I am encountering a "no good algo found error" when running AlphaZero.jl on some machines with JULIA_NUM_THREADS > 1:

No good algo found.
Stacktrace:
 [1] error(::String) at ./error.jl:33
 [2] perfChoose(::Array{Knet.cudnnConvolutionFwdAlgoPerf_t,1}, ::Int32) at /home/jonathan-laurent/.julia/packages/Knet/bTNMd/src/conv.jl:589
 [3] conv4_algo(::Knet.KnetArray{Float32,4}, ::Knet.KnetArray{Float32,4}, ::Knet.KnetArray{Float32,4}; handle::Ptr{Nothing}, o::Base.Iterators.Pairs{Symbol,Tuple{Int64,Int64},Tuple{Symbol},NamedTuple{(:padding,),Tuple{Tuple{Int64,Int64}}}}) at /home/jonathan-laurent/.julia/packages/Knet/bTNMd/src/conv.jl:524
 [4] conv4(::Knet.KnetArray{Float32,4}, ::Knet.KnetArray{Float32,4}; handle::Ptr{Nothing}, alpha::Int64, o::Base.Iterators.Pairs{Symbol,Tuple{Int64,Int64},Tuple{Symbol},NamedTuple{(:padding,),Tuple{Tuple{Int64,Int64}}}}) at /home/jonathan-laurent/.julia/packages/Knet/bTNMd/src/conv.jl:40
 [5] forw(::Function, ::AutoGrad.Param{Knet.KnetArray{Float32,4}}, ::Vararg{Any,N} where N; kwargs::Base.Iterators.Pairs{Symbol,Tuple{Int64,Int64},Tuple{Symbol},NamedTuple{(:padding,),Tuple{Tuple{Int64,Int64}}}}) at /home/jonathan-laurent/.julia/packages/AutoGrad/6QsMu/src/core.jl:66
 [6] #conv4#276 at ./none:0 [inlined]
 [7] (::AlphaZero.KNets.Conv)(::Knet.KnetArray{Float32,4}) at /home/jonathan-laurent/AlphaZero.jl/src/networks/knet/layers.jl:60
 [8] (::AlphaZero.KNets.Chain)(::Knet.KnetArray{Float32,4}) at /home/jonathan-laurent/AlphaZero.jl/src/networks/knet/layers.jl:19
 [9] forward(::ResNet{Game}, ::Knet.KnetArray{Float32,4}) at /home/jonathan-laurent/AlphaZero.jl/src/networks/knet.jl:149

Note that:

The problem only seems to happen on some machines
The problem never happens when JULIA_NUM_THREADS is set to 1.

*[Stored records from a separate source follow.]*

(* Let $\mathcal F$ be a family of graphs, every member of which is connected, and let $v$ be the smallest number of vertices of a member of $\mathcal F$. Then for every positive integer $n$ and every nonnegative integer $k$, $$\left(1-\frac{2kv}{n}\right)\mathrm{ex}(n,\mathcal F)\le \mathrm{exa}_k(n,\mathcal F)\le \mathrm{ex}(n,\mathcal F)+k=\mathrm{exa}_0(n,\mathcal F)+k.$$
   Context: For graphs $H$ and $F$, $\mathcal N(H,F)$ is the number of subgraphs of $H$ isomorphic to $F$. For a family $\mathcal F$ of graphs and a nonnegative integer $k$, $\mathrm{exa}_k(n,\mathcal F)$ is the largest number of edges of a simple graph $H$ on $n$ vertices with $\sum_{F\in\mathcal F}\mathcal N(H,F)=k$ (defined whenever such an $H$ exists). $\mathrm{ex}(n,\mathcal F)=\mathrm{exa}_0(n,\mathcal F)$ is the largest number of edges of a graph on $n$ vertices containing no subgraph isomorphic to a member of $\mathcal F$. *)

theory Defs
  imports Complex_Main
begin

type_synonym 'a graph = "'a set \<times> 'a set set"

definition is_graph :: "'a graph \<Rightarrow> bool" where
  "is_graph G \<longleftrightarrow> finite (fst G) \<and>
     (\<forall>e\<in>snd G. \<exists>a b. a \<in> fst G \<and> b \<in> fst G \<and> a \<noteq> b \<and> e = {a, b})"

definition adj_rel :: "'a graph \<Rightarrow> ('a \<times> 'a) set" where
  "adj_rel G = {(x, y). {x, y} \<in> snd G}"

definition connected_graph :: "'a graph \<Rightarrow> bool" where
  "connected_graph G \<longleftrightarrow> is_graph G \<and> fst G \<noteq> {} \<and>
     (\<forall>x\<in>fst G. \<forall>y\<in>fst G. (x, y) \<in> (adj_rel G)\<^sup>*)"

definition graph_iso :: "'a graph \<Rightarrow> 'b graph \<Rightarrow> bool" where
  "graph_iso G H \<longleftrightarrow> (\<exists>f. bij_betw f (fst G) (fst H) \<and>
     (\<forall>x\<in>fst G. \<forall>y\<in>fst G. {x, y} \<in> snd G \<longleftrightarrow> {f x, f y} \<in> snd H))"

definition subgraphs :: "'a graph \<Rightarrow> 'a graph set" where
  "subgraphs H = {S. fst S \<subseteq> fst H \<and> snd S \<subseteq> snd H \<and> is_graph S}"

text \<open>Number of subgraphs of H isomorphic to a member of the family \<F>
  (= sum over \<F> of N(H,F) for a family of pairwise non-isomorphic graphs).\<close>
definition fam_count :: "'b graph set \<Rightarrow> 'a graph \<Rightarrow> nat" where
  "fam_count \<F> H = card {S \<in> subgraphs H. \<exists>F\<in>\<F>. graph_iso F S}"

definition graphs_on :: "nat \<Rightarrow> nat graph set" where
  "graphs_on n = {G. fst G = {0..<n} \<and> is_graph G}"

definition exa :: "nat \<Rightarrow> nat \<Rightarrow> 'b graph set \<Rightarrow> nat" where
  "exa k n \<F> = Max {card (snd H) | H. H \<in> graphs_on n \<and> fam_count \<F> H = k}"

definition ex :: "nat \<Rightarrow> 'b graph set \<Rightarrow> nat" where
  "ex n \<F> = Max {card (snd H) | H. H \<in> graphs_on n \<and> fam_count \<F> H = 0}"

definition min_order :: "'b graph set \<Rightarrow> nat" where
  "min_order \<F> = (LEAST m. \<exists>F\<in>\<F>. card (fst F) = m)"

end

theory Submission
  imports Defs
begin

text \<open>
  Upper bound: delete one edge from each of the k copies in an extremal graph. Every copy has an
  edge, since a connected member without edges is a single vertex, which the \<F>-free graph on
  n > 0 vertices would contain.

  Lower bound: in an extremal \<F>-free graph G choose k v vertices of least total degree, so that
  at most 2 k v ex(n, \<F>) / n edges meet them. Delete these edges and plant k disjoint copies of a
  member F0 with v vertices and as few edges as possible on the chosen vertices. A copy of a
  member in the new graph is connected, so it either avoids the chosen vertices, which is
  impossible as G is \<F>-free, or lies inside one planted copy; minimality of F0 then forces it
  to be that planted copy. Hence the new graph has exactly k copies.
\<close>

lemma is_graph_edgeD:
  "is_graph G \<Longrightarrow> {a, b} \<in> snd G \<Longrightarrow> a \<in> fst G \<and> b \<in> fst G \<and> a \<noteq> b"
  unfolding is_graph_def by (metis doubleton_eq_iff)

lemma is_graph_edge_subset: "is_graph G \<Longrightarrow> e \<in> snd G \<Longrightarrow> e \<subseteq> fst G"
  unfolding is_graph_def by force

lemma is_graph_card_edge: "is_graph G \<Longrightarrow> e \<in> snd G \<Longrightarrow> card e = 2"
  unfolding is_graph_def by force

lemma is_graph_finite_vertices: "is_graph G \<Longrightarrow> finite (fst G)"
  unfolding is_graph_def by simp

lemma is_graph_finite_edges: "is_graph G \<Longrightarrow> finite (snd G)"
proof -
  assume "is_graph G"
  then have "snd G \<subseteq> Pow (fst G)" and "finite (fst G)"
    using is_graph_edge_subset unfolding is_graph_def by blast+
  then show ?thesis by (simp add: finite_subset)
qed

lemma graph_iso_card_vertices: "graph_iso F S \<Longrightarrow> card (fst S) = card (fst F)"
  unfolding graph_iso_def by (metis bij_betw_same_card)

lemma graph_iso_edges_eq_image:
  assumes "is_graph F" "is_graph S" and f: "bij_betw f (fst F) (fst S)"
    and edges: "\<forall>x\<in>fst F. \<forall>y\<in>fst F. {x, y} \<in> snd F \<longleftrightarrow> {f x, f y} \<in> snd S"
  shows "snd S = (`) f ` snd F"
proof (intro equalityI subsetI)
  fix e assume "e \<in> snd S"
  then obtain x y where "x \<in> fst S" "y \<in> fst S" "e = {x, y}"
    using \<open>is_graph S\<close> unfolding is_graph_def by blast
  moreover obtain a b where "a \<in> fst F" "b \<in> fst F" "x = f a" "y = f b"
    using f \<open>x \<in> fst S\<close> \<open>y \<in> fst S\<close> unfolding bij_betw_def by blast
  ultimately have "{a, b} \<in> snd F" "e = f ` {a, b}" using edges \<open>e \<in> snd S\<close> by auto
  then show "e \<in> (`) f ` snd F" by blast
next
  fix e assume "e \<in> (`) f ` snd F"
  then obtain a b where "a \<in> fst F" "b \<in> fst F" "{a, b} \<in> snd F" "e = {f a, f b}"
    using \<open>is_graph F\<close> unfolding is_graph_def by fastforce
  then show "e \<in> snd S" using edges by blast
qed

lemma graph_iso_card_edges:
  assumes "is_graph F" "is_graph S" "graph_iso F S"
  shows "card (snd S) = card (snd F)"
proof -
  obtain f where f: "bij_betw f (fst F) (fst S)"
    and edges: "\<forall>x\<in>fst F. \<forall>y\<in>fst F. {x, y} \<in> snd F \<longleftrightarrow> {f x, f y} \<in> snd S"
    using assms(3) unfolding graph_iso_def by blast
  have "inj_on ((`) f) (snd F)"
    using f is_graph_edge_subset[OF assms(1)]
    by (intro inj_onI) (metis bij_betw_def inj_on_image_eq_iff)
  then show ?thesis
    using graph_iso_edges_eq_image[OF assms(1,2) f edges] by (simp add: card_image)
qed
definition strength_respects_kleene ::
  "('o, 'a) cat \<Rightarrow> ('o, 'a) cart \<Rightarrow> ('o \<Rightarrow> 'o) \<Rightarrow> ('o \<Rightarrow> 'o \<Rightarrow> 'a) \<Rightarrow>
   ('o \<Rightarrow> 'o \<Rightarrow> 'a \<Rightarrow> 'a \<Rightarrow> 'a) \<Rightarrow> ('o \<Rightarrow> 'o \<Rightarrow> 'a) \<Rightarrow> ('o \<Rightarrow> 'a \<Rightarrow> 'a) \<Rightarrow> bool" where
  "strength_respects_kleene C P T tau J B St \<longleftrightarrow>
     (\<forall>X Y Y'.
        cCmp C (pPrd P X Y) (pPrd P X (T Y')) (T (pPrd P X Y'))
          (tau X Y') (cross C P X Y X (T Y') (cId C X) (B Y Y'))
        = B (pPrd P X Y) (pPrd P X Y')) \<and>
     (\<forall>X Y Y' f g. f \<in> cHom C Y (T Y') \<longrightarrow> g \<in> cHom C Y (T Y') \<longrightarrow>
        cCmp C (pPrd P X Y) (pPrd P X (T Y')) (T (pPrd P X Y'))
          (tau X Y') (cross C P X Y X (T Y') (cId C X) (J Y Y' f g))
        = J (pPrd P X Y) (pPrd P X Y')
            (cCmp C (pPrd P X Y) (pPrd P X (T Y')) (T (pPrd P X Y'))
               (tau X Y') (cross C P X Y X (T Y') (cId C X) f))
            (cCmp C (pPrd P X Y) (pPrd P X (T Y')) (T (pPrd P X Y'))
               (tau X Y') (cross C P X Y X (T Y') (cId C X) g))) \<and>
     (\<forall>X Y k. k \<in> cHom C Y (T Y) \<longrightarrow>
        cCmp C (pPrd P X Y) (pPrd P X (T Y)) (T (pPrd P X Y))
          (tau X Y) (cross C P X Y X (T Y) (cId C X) (St Y k))
        = St (pPrd P X Y)
            (cCmp C (pPrd P X Y) (pPrd P X (T Y)) (T (pPrd P X Y))
               (tau X Y) (cross C P X Y X (T Y) (cId C X) k)))"
(* With the mesh, coefficients $a^{(n)}_{n-k}$ and DCC kernels $p^{(n)}_{n-k}$ as in the context (in particular $\tau_{n-1}\le\tau_n$ for $2\le n\le N$), the DCC kernels are positive definite: for every $1\le n\le N$ and every real sequence $w_1,\dots,w_n$, $$\sum_{k=1}^n w_k\sum_{j=1}^k p^{(k)}_{k-j}w_j\ge 0 .$$
   Context: Fix $T>0$, $0<\alpha<1$ and a mesh $0=t_0<t_1<\dots<t_N=T$ with step sizes $\tau_n=t_n-t_{n-1}$ satisfying $\tau_{n-1}\le\tau_n$ for $2\le n\le N$. Set $t_{-1/2}=t_0$, $t_{n-1/2}=t_{n-1}+\tau_n/2$ for $1\le n\le N$, $\tau_{1/2}=\tau_1/2$ and $\tau_{n-1/2}=(\tau_n+\tau_{n-1})/2$ for $n\ge 2$. Let $\omega_\gamma(t)=t^{\gamma-1}/\Gamma(\gamma)$ for $t>0$. For $1\le n\le N$ and $1\le k\le n$ define $$a^{(n)}_{n-k}=\frac{1}{\tau_{k-1/2}}\int_{t_{k-3/2}}^{t_{k-1/2}}\omega_{1-\alpha}(t_{n-1/2}-s)\,ds .$$ The discrete complementary convolution (DCC) kernels are defined by $p^{(n)}_0=1/a^{(n)}_0$ and $p^{(n)}_{n-k}=\frac{1}{a^{(k)}_0}\sum_{j=k+1}^n\big(a^{(j)}_{j-k-1}-a^{(j)}_{j-k}\big)p^{(n)}_{n-j}$ for $1\le k\le n-1$; equivalently $\sum_{j=k}^n p^{(n)}_{n-j}a^{(j)}_{j-k}=1$ for all $1\le k\le n$. *)

theory Defs
  imports "HOL-Analysis.Analysis"
begin

definition tau :: "(nat \<Rightarrow> real) \<Rightarrow> nat \<Rightarrow> real" where
  "tau t n = t n - t (n - 1)"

Here is the spec of one machine where the bug happens:

julia> include(Knet.dir("test","gpu.jl"))
Knet.gpuCount() = 9
Knet.gpu() = 7
Knet.tk = ["/usr/local/cuda"]
Knet.libknet8 = "/home/jonathan-laurent/.julia/packages/Knet/bTNMd/deps/libknet8"
Knet.cudartfound = true
Knet.cudaRuntimeVersion = 10010
Knet.cudaDriverVersion = 10010
Knet.cudaGetDeviceCount() = 9
Knet.cudaGetDevice() = 7
Knet.cudaMemGetInfo() = (33719648256, 34058272768)
Knet.cudaDeviceSynchronize() = nothing
Knet.nvmlfound = true
Knet.nvmlDriverVersion = "418.67"
Knet.nvmlVersion = "10.418.67"
Knet.nvmlDeviceGetMemoryInfo() = (34058272768, 33719648256, 338624512)
Knet.cublashandle() = Ptr{Nothing} @0x000000000c262350
Knet.cublasVersion = 10200
Knet.cudnnhandle() = Ptr{Nothing} @0x000000000200ff40
Knet.cudnnVersion = 7605
Knet.dir() = "/home/jonathan-laurent/.julia/packages/Knet/bTNMd"
readdir(Knet.dir("deps")) = [".deprecated", ".gitignore", "Makefile", "README.windows", "build.jl", "build.log", "cuda01.cu", "cuda01.jl", "cuda01.o", "cuda1.cu", "cuda1.jl", "cuda1.o", "cuda11.cu", "cuda11.jl", "cuda11.o", "cuda12.cu", "cuda12.jl", "cuda12.o", "cuda13.cu", "cuda13.jl", "cuda13.o", "cuda14.jl", "cuda16.cu", "cuda16.jl", "cuda16.o", "cuda17.cu", "cuda17.jl", "cuda17.o", "cuda20.cu", "cuda20.jl", "cuda20.o", "cuda21.cu", "cuda21.jl", "cuda21.o", "cuda22.cu", "cuda22.jl", "cuda22.o", "gamma.jl", "libknet8.so"]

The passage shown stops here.